**Task**
The answer must consist only of the lines from the line with "else SUP j\<in>preds" to the line with "(j,i) is an", both included, exactly as they stand below.

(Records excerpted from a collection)
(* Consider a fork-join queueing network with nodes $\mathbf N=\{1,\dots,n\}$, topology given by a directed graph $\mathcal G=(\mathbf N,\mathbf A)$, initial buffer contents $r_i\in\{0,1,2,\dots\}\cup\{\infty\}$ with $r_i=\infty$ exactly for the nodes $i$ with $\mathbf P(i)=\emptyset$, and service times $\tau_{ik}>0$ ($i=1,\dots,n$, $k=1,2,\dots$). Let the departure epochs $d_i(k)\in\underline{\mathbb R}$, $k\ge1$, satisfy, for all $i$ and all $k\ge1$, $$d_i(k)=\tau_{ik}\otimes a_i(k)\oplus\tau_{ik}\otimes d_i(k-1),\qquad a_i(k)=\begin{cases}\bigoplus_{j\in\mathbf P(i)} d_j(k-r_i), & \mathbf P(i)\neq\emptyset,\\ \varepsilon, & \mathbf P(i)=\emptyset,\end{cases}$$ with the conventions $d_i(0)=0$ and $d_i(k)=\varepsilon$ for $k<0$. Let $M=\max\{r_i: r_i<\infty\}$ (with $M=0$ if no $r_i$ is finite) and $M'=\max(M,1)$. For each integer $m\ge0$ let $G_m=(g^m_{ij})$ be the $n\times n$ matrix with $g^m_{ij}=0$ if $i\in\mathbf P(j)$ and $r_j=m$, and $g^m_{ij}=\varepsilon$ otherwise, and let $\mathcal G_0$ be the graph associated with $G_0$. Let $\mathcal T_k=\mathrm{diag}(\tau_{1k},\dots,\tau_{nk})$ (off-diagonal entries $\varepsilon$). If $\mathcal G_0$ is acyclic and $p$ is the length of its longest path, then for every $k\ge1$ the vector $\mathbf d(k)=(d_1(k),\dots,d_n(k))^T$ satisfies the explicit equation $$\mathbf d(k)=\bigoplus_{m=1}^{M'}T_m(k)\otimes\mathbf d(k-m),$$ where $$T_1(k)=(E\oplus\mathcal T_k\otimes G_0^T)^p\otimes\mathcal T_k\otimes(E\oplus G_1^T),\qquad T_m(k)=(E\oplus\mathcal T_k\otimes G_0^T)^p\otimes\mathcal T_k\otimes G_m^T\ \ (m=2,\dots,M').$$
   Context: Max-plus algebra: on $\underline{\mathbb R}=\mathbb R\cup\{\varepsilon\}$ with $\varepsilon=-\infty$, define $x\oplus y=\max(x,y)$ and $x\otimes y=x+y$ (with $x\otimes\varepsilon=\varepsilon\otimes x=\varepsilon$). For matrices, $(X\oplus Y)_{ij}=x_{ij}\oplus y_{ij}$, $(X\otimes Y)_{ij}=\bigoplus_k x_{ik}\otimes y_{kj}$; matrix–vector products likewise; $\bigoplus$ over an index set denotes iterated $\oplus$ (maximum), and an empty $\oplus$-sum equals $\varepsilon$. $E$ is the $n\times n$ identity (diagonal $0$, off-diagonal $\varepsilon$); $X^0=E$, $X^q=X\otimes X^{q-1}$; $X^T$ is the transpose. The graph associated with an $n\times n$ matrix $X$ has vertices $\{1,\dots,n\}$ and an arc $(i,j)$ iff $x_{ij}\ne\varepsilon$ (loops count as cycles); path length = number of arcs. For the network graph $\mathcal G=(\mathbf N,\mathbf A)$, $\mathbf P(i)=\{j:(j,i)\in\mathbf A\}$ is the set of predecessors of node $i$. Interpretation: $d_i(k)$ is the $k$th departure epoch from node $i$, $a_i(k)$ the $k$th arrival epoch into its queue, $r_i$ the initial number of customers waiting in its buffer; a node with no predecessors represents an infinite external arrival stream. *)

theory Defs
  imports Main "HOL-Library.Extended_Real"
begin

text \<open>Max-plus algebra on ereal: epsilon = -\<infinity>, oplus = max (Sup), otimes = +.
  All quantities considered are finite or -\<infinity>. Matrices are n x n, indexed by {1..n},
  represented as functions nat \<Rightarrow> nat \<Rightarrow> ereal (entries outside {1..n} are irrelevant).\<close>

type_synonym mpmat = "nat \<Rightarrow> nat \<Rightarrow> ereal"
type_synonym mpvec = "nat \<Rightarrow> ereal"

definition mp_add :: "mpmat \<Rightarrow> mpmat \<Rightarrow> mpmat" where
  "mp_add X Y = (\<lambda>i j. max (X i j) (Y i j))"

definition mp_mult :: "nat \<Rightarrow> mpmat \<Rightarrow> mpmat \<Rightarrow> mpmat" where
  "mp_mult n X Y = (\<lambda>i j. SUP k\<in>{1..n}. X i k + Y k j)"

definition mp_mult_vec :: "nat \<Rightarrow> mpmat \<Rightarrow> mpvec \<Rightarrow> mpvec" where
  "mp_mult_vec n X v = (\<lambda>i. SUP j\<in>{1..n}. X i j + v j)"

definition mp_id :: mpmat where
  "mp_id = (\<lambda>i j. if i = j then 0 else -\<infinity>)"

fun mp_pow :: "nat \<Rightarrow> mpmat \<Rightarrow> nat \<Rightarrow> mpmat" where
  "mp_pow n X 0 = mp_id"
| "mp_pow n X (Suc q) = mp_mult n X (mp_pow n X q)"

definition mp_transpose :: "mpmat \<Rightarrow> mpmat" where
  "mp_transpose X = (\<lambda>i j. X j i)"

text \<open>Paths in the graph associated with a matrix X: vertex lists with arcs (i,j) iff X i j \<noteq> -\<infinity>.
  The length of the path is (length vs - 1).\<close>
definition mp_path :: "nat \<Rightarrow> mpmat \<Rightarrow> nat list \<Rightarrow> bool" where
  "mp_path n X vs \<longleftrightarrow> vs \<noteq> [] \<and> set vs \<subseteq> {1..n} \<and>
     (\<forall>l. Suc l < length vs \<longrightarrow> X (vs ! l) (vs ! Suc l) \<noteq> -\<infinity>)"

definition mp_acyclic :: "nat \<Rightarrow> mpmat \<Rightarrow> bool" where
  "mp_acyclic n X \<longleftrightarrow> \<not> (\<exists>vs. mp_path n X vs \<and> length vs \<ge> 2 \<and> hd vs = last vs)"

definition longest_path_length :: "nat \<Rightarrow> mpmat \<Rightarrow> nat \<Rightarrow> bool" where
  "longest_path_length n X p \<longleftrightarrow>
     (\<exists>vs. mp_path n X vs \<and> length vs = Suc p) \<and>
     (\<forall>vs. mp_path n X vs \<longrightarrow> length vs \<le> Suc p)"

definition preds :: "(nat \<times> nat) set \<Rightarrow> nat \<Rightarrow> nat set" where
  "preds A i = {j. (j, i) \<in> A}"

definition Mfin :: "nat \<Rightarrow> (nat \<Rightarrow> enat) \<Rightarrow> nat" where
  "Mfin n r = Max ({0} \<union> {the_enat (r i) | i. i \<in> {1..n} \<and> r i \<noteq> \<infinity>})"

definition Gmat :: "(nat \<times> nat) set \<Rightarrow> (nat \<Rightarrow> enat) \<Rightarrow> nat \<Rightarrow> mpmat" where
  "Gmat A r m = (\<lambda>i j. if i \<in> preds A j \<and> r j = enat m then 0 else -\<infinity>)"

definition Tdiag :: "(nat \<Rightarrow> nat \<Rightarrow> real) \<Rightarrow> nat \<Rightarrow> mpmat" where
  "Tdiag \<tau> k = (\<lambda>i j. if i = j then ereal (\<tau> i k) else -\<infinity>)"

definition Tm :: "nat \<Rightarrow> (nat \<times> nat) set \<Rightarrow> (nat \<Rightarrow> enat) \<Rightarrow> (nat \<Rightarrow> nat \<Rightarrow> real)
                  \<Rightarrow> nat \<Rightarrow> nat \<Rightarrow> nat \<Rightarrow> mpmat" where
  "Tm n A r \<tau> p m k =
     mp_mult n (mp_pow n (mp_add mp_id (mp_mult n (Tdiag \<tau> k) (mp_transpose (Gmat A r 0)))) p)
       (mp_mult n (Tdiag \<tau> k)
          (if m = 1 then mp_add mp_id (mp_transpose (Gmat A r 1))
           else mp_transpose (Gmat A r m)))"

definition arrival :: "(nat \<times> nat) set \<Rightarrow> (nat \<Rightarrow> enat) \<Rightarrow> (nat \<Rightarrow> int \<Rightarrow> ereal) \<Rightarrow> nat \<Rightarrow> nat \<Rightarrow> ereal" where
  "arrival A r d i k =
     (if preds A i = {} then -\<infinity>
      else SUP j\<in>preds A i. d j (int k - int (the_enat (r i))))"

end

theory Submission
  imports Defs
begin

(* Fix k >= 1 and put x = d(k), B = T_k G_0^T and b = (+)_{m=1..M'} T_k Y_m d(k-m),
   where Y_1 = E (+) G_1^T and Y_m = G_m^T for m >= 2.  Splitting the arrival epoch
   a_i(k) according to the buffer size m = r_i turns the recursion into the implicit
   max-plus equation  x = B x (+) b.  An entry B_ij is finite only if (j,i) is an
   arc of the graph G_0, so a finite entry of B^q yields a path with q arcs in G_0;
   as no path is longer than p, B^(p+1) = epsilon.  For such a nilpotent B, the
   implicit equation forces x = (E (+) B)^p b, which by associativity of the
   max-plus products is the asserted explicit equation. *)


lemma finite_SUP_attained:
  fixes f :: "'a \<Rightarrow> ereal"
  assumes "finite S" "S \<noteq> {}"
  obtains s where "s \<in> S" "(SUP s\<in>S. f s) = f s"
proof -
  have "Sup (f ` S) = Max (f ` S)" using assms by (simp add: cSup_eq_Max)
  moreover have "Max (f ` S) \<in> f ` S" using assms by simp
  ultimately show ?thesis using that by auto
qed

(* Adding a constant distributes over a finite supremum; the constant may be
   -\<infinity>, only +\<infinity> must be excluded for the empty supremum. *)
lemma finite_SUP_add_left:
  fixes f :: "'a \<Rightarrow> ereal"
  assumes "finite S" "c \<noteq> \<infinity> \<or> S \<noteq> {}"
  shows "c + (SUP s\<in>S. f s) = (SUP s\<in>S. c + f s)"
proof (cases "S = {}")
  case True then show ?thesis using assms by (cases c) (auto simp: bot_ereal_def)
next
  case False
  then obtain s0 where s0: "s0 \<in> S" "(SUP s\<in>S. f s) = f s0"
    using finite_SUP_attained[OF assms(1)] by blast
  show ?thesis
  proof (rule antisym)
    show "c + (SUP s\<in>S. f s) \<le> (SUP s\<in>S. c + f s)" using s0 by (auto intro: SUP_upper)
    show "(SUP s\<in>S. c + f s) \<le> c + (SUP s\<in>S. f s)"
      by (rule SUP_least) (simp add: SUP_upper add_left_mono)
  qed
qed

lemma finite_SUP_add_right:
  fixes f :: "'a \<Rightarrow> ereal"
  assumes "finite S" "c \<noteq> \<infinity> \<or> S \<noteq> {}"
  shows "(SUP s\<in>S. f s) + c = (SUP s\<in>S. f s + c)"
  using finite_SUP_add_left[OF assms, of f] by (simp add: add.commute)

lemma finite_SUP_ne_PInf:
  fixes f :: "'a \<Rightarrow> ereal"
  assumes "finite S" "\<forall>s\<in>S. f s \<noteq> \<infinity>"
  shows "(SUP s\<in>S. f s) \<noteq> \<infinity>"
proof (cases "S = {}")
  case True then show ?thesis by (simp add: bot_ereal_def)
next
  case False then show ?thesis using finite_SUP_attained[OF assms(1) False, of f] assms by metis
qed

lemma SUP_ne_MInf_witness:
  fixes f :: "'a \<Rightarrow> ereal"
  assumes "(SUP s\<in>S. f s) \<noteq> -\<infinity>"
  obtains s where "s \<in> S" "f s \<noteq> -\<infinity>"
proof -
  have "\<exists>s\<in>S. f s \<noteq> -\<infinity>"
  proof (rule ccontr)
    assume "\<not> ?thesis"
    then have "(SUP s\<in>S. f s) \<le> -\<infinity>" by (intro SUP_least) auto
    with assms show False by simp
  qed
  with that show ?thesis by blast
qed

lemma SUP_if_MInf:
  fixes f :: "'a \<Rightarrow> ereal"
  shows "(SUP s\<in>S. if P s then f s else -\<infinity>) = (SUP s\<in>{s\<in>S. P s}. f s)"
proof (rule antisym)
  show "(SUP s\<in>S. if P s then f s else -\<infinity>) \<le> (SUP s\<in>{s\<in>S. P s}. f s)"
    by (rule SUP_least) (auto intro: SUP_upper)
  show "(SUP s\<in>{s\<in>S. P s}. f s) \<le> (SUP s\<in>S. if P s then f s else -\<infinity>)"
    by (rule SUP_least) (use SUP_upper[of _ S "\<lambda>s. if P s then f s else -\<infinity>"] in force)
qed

**Solution below**
      else SUP j\<in>preds A i. d j (int k - int (the_enat (r i))))"

end

theory Submission
  imports Defs
begin

(* Fix k >= 1 and put x = d(k), B = T_k G_0^T and b = (+)_{m=1..M'} T_k Y_m d(k-m),
   where Y_1 = E (+) G_1^T and Y_m = G_m^T for m >= 2.  Splitting the arrival epoch
   a_i(k) according to the buffer size m = r_i turns the recursion into the implicit
   max-plus equation  x = B x (+) b.  An entry B_ij is finite only if (j,i) is an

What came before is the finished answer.